══ Records for the exercise ══
lemma quotient_cases:
  assumes "C \<in> carrier Q" obtains x where "x \<in> carrier M" "C = L +>\<^bsub>M\<^esub> x"
  using assms unfolding quotient_carrier by blast

lemma quotient_add_coset:
  "x \<in> carrier M \<Longrightarrow> y \<in> carrier M \<Longrightarrow> (L +>\<^bsub>M\<^esub> x) \<oplus>\<^bsub>Q\<^esub> (L +>\<^bsub>M\<^esub> y) = L +>\<^bsub>M\<^esub> (x \<oplus>\<^bsub>M\<^esub> y)"
  unfolding quot_module_def by (simp add: L.a_rcos_sum)

lemma coset_zero: "L +>\<^bsub>M\<^esub> \<zero>\<^bsub>M\<^esub> = L"
  using submoduleE(1)[OF submodule_L] by simp

lemma coset_eq_L_iff: "x \<in> carrier M \<Longrightarrow> L +>\<^bsub>M\<^esub> x = L \<longleftrightarrow> x \<in> L"
  using L.a_rcos_const L.a_rcos_self by metis

lemma coset_eq_iff:
  "x \<in> carrier M \<Longrightarrow> y \<in> carrier M \<Longrightarrow> L +>\<^bsub>M\<^esub> y = L +>\<^bsub>M\<^esub> x \<longleftrightarrow> y \<oplus>\<^bsub>M\<^esub> \<ominus>\<^bsub>M\<^esub> x \<in> L"
  using L.a_repr_independence' L.a_rcos_self L.a_rcos_module by metis

text \<open>The scalar action of \<open>quot_module\<close> multiplies a \<open>SOME\<close>-chosen representative of the
  coset; it does not depend on that choice.\<close>

lemma quotient_smult_coset:
  assumes r: "r \<in> carrier R" and x: "x \<in> carrier M"
  shows "r \<odot>\<^bsub>Q\<^esub> (L +>\<^bsub>M\<^esub> x) = L +>\<^bsub>M\<^esub> (r \<odot>\<^bsub>M\<^esub> x)"
proof -
  define y where "y = (SOME y. y \<in> L +>\<^bsub>M\<^esub> x)"
  have "y \<in> L +>\<^bsub>M\<^esub> x"
    unfolding y_def using L.a_rcos_self[OF x] by (rule someI)
  then have y: "y \<in> carrier M" "L +>\<^bsub>M\<^esub> y = L +>\<^bsub>M\<^esub> x"
    using L.a_elemrcos_carrier[OF x] L.a_repr_independence'[OF _ x] by auto
  then have "y \<oplus>\<^bsub>M\<^esub> \<ominus>\<^bsub>M\<^esub> x \<in> L" using coset_eq_iff x by blast
  then have "r \<odot>\<^bsub>M\<^esub> (y \<oplus>\<^bsub>M\<^esub> \<ominus>\<^bsub>M\<^esub> x) \<in> L" using submoduleE(4)[OF submodule_L r] by blast
  moreover have "r \<odot>\<^bsub>M\<^esub> (y \<oplus>\<^bsub>M\<^esub> \<ominus>\<^bsub>M\<^esub> x) = r \<odot>\<^bsub>M\<^esub> y \<oplus>\<^bsub>M\<^esub> \<ominus>\<^bsub>M\<^esub> (r \<odot>\<^bsub>M\<^esub> x)"
    using r x y(1) by (simp add: smult_r_distr smult_r_minus)
  ultimately have "L +>\<^bsub>M\<^esub> (r \<odot>\<^bsub>M\<^esub> y) = L +>\<^bsub>M\<^esub> (r \<odot>\<^bsub>M\<^esub> x)"
    using coset_eq_iff r x y(1) by simp
  then show ?thesis unfolding y_def by (simp add: quot_module_def)
qed

lemma quotient_smult_eq_zero_iff:
  "r \<in> carrier R \<Longrightarrow> x \<in> carrier M \<Longrightarrow> r \<odot>\<^bsub>Q\<^esub> (L +>\<^bsub>M\<^esub> x) = \<zero>\<^bsub>Q\<^esub> \<longleftrightarrow> r \<odot>\<^bsub>M\<^esub> x \<in> L"
  by (simp add: quotient_smult_coset quotient_zero coset_eq_L_iff)

lemma quotient_abelian_group: "abelian_group Q"
proof (rule abelian_groupI)
  fix C D assume "C \<in> carrier Q" "D \<in> carrier Q"
  then show "C \<oplus>\<^bsub>Q\<^esub> D \<in> carrier Q"
    by (metis quotient_cases quotient_add_coset coset_in_quotient M.add.m_closed)
next
  show "\<zero>\<^bsub>Q\<^esub> \<in> carrier Q" using coset_in_quotient[of "\<zero>\<^bsub>M\<^esub>"] coset_zero quotient_zero by simp
next
  fix C D E assume "C \<in> carrier Q" "D \<in> carrier Q" "E \<in> carrier Q"
  then show "C \<oplus>\<^bsub>Q\<^esub> D \<oplus>\<^bsub>Q\<^esub> E = C \<oplus>\<^bsub>Q\<^esub> (D \<oplus>\<^bsub>Q\<^esub> E)"
    by (elim quotient_cases) (simp add: quotient_add_coset M.add.m_assoc)
next
  fix C D assume "C \<in> carrier Q" "D \<in> carrier Q"
  then show "C \<oplus>\<^bsub>Q\<^esub> D = D \<oplus>\<^bsub>Q\<^esub> C"
    by (elim quotient_cases) (simp add: quotient_add_coset M.add.m_comm)
next
  fix C assume "C \<in> carrier Q"
  then show "\<zero>\<^bsub>Q\<^esub> \<oplus>\<^bsub>Q\<^esub> C = C"
    by (elim quotient_cases) (metis quotient_add_coset coset_zero quotient_zero M.l_zero M.zero_closed)
next
  fix C assume "C \<in> carrier Q"
  then obtain x where x: "x \<in> carrier M" "C = L +>\<^bsub>M\<^esub> x" by (rule quotient_cases)
  then have "(L +>\<^bsub>M\<^esub> \<ominus>\<^bsub>M\<^esub> x) \<oplus>\<^bsub>Q\<^esub> C = \<zero>\<^bsub>Q\<^esub>"
    using quotient_add_coset[of "\<ominus>\<^bsub>M\<^esub> x" x] coset_zero quotient_zero by (simp add: M.l_neg)
  then show "\<exists>D\<in>carrier Q. D \<oplus>\<^bsub>Q\<^esub> C = \<zero>\<^bsub>Q\<^esub>" using coset_in_quotient[of "\<ominus>\<^bsub>M\<^esub> x"] x by blast
qed

lemma quotient_module: "module R Q"
proof (rule moduleI)
  show "cring R" by (rule R.is_cring)
  show "abelian_group Q" by (rule quotient_abelian_group)
next
  fix a C assume "a \<in> carrier R" "C \<in> carrier Q"
  then show "a \<odot>\<^bsub>Q\<^esub> C \<in> carrier Q"
    by (elim quotient_cases) (simp add: quotient_smult_coset coset_in_quotient)
next
  fix a b C assume "a \<in> carrier R" "b \<in> carrier R" "C \<in> carrier Q"
  then show "(a \<oplus>\<^bsub>R\<^esub> b) \<odot>\<^bsub>Q\<^esub> C = a \<odot>\<^bsub>Q\<^esub> C \<oplus>\<^bsub>Q\<^esub> b \<odot>\<^bsub>Q\<^esub> C"
    by (elim quotient_cases) (simp add: quotient_smult_coset quotient_add_coset smult_l_distr)
next
  fix a C D assume "a \<in> carrier R" "C \<in> carrier Q" "D \<in> carrier Q"
  then show "a \<odot>\<^bsub>Q\<^esub> (C \<oplus>\<^bsub>Q\<^esub> D) = a \<odot>\<^bsub>Q\<^esub> C \<oplus>\<^bsub>Q\<^esub> a \<odot>\<^bsub>Q\<^esub> D"
    by (elim quotient_cases) (simp add: quotient_smult_coset quotient_add_coset smult_r_distr)
next
  fix a b C assume "a \<in> carrier R" "b \<in> carrier R" "C \<in> carrier Q"
  then show "(a \<otimes>\<^bsub>R\<^esub> b) \<odot>\<^bsub>Q\<^esub> C = a \<odot>\<^bsub>Q\<^esub> (b \<odot>\<^bsub>Q\<^esub> C)"
    by (elim quotient_cases) (simp add: quotient_smult_coset smult_assoc1)
next
  fix C assume "C \<in> carrier Q"
  then show "\<one>\<^bsub>R\<^esub> \<odot>\<^bsub>Q\<^esub> C = C"
    by (elim quotient_cases) (simp add: quotient_smult_coset)
qed

lemma submodule_quotient_preimage:
  assumes "submodule Hb R Q"
  shows "submodule {x \<in> carrier M. L +>\<^bsub>M\<^esub> x \<in> Hb} R M"
proof -
  note Hb = assms[unfolded module.submodule_iff_closed[OF quotient_module]]
  show ?thesis
    unfolding submodule_iff_closed
  proof (intro conjI ballI)
    show "\<zero>\<^bsub>M\<^esub> \<in> {x \<in> carrier M. L +>\<^bsub>M\<^esub> x \<in> Hb}"
      using Hb coset_zero quotient_zero by simp
  next
    fix x y assume "x \<in> {x \<in> carrier M. L +>\<^bsub>M\<^esub> x \<in> Hb}" "y \<in> {x \<in> carrier M. L +>\<^bsub>M\<^esub> x \<in> Hb}"
    then have "x \<in> carrier M" "y \<in> carrier M" "(L +>\<^bsub>M\<^esub> x) \<oplus>\<^bsub>Q\<^esub> (L +>\<^bsub>M\<^esub> y) \<in> Hb"
      using Hb by simp_all
    then show "x \<oplus>\<^bsub>M\<^esub> y \<in> {x \<in> carrier M. L +>\<^bsub>M\<^esub> x \<in> Hb}"
      by (simp add: quotient_add_coset)
  next
    fix r x assume "r \<in> carrier R" "x \<in> {x \<in> carrier M. L +>\<^bsub>M\<^esub> x \<in> Hb}"
    then have "x \<in> carrier M" "r \<odot>\<^bsub>Q\<^esub> (L +>\<^bsub>M\<^esub> x) \<in> Hb"
      using Hb by simp_all
    then show "r \<odot>\<^bsub>M\<^esub> x \<in> {x \<in> carrier M. L +>\<^bsub>M\<^esub> x \<in> Hb}"
      using \<open>r \<in> carrier R\<close> by (simp add: quotient_smult_coset)
  qed auto
qed

lemma submodule_quotient_image:
  assumes H: "submodule H R M"
  shows "submodule ((\<lambda>x. L +>\<^bsub>M\<^esub> x) ` H) R Q"
  unfolding module.submodule_iff_closed[OF quotient_module]
proof (intro conjI ballI)
  have "H \<subseteq> carrier M" using submoduleE(1)[OF H] .
  then show "(\<lambda>x. L +>\<^bsub>M\<^esub> x) ` H \<subseteq> carrier Q" using coset_in_quotient by blast
  have "\<zero>\<^bsub>Q\<^esub> = L +>\<^bsub>M\<^esub> \<zero>\<^bsub>M\<^esub>" by (simp add: coset_zero quotient_zero)
  then show "\<zero>\<^bsub>Q\<^esub> \<in> (\<lambda>x. L +>\<^bsub>M\<^esub> x) ` H" using submodule_zero_closed[OF H] by (rule image_eqI)
next
  fix C D assume "C \<in> (\<lambda>x. L +>\<^bsub>M\<^esub> x) ` H" "D \<in> (\<lambda>x. L +>\<^bsub>M\<^esub> x) ` H"
  then obtain x y where "x \<in> H" "y \<in> H" "C = L +>\<^bsub>M\<^esub> x" "D = L +>\<^bsub>M\<^esub> y" by blast
  moreover have "x \<oplus>\<^bsub>M\<^esub> y \<in> H" using submoduleE(5)[OF H \<open>x \<in> H\<close> \<open>y \<in> H\<close>] .
  moreover have "x \<in> carrier M" "y \<in> carrier M" using calculation submoduleE(1)[OF H] by blast+
  ultimately show "C \<oplus>\<^bsub>Q\<^esub> D \<in> (\<lambda>x. L +>\<^bsub>M\<^esub> x) ` H"
    by (simp add: quotient_add_coset)
next
  fix r C assume "r \<in> carrier R" "C \<in> (\<lambda>x. L +>\<^bsub>M\<^esub> x) ` H"
  then obtain x where "x \<in> H" "C = L +>\<^bsub>M\<^esub> x" by blast
  moreover have "r \<odot>\<^bsub>M\<^esub> x \<in> H" using submoduleE(4)[OF H \<open>r \<in> carrier R\<close> \<open>x \<in> H\<close>] .
  moreover have "x \<in> carrier M" using \<open>x \<in> H\<close> submoduleE(1)[OF H] by blast
  ultimately show "r \<odot>\<^bsub>Q\<^esub> C \<in> (\<lambda>x. L +>\<^bsub>M\<^esub> x) ` H"
    using \<open>r \<in> carrier R\<close> by (simp add: quotient_smult_coset)
qed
═══
- Exercise aim:
A single number is expected: the count of lines in the preceding entries that contain "longleftrightarrow".

- Written answer:
3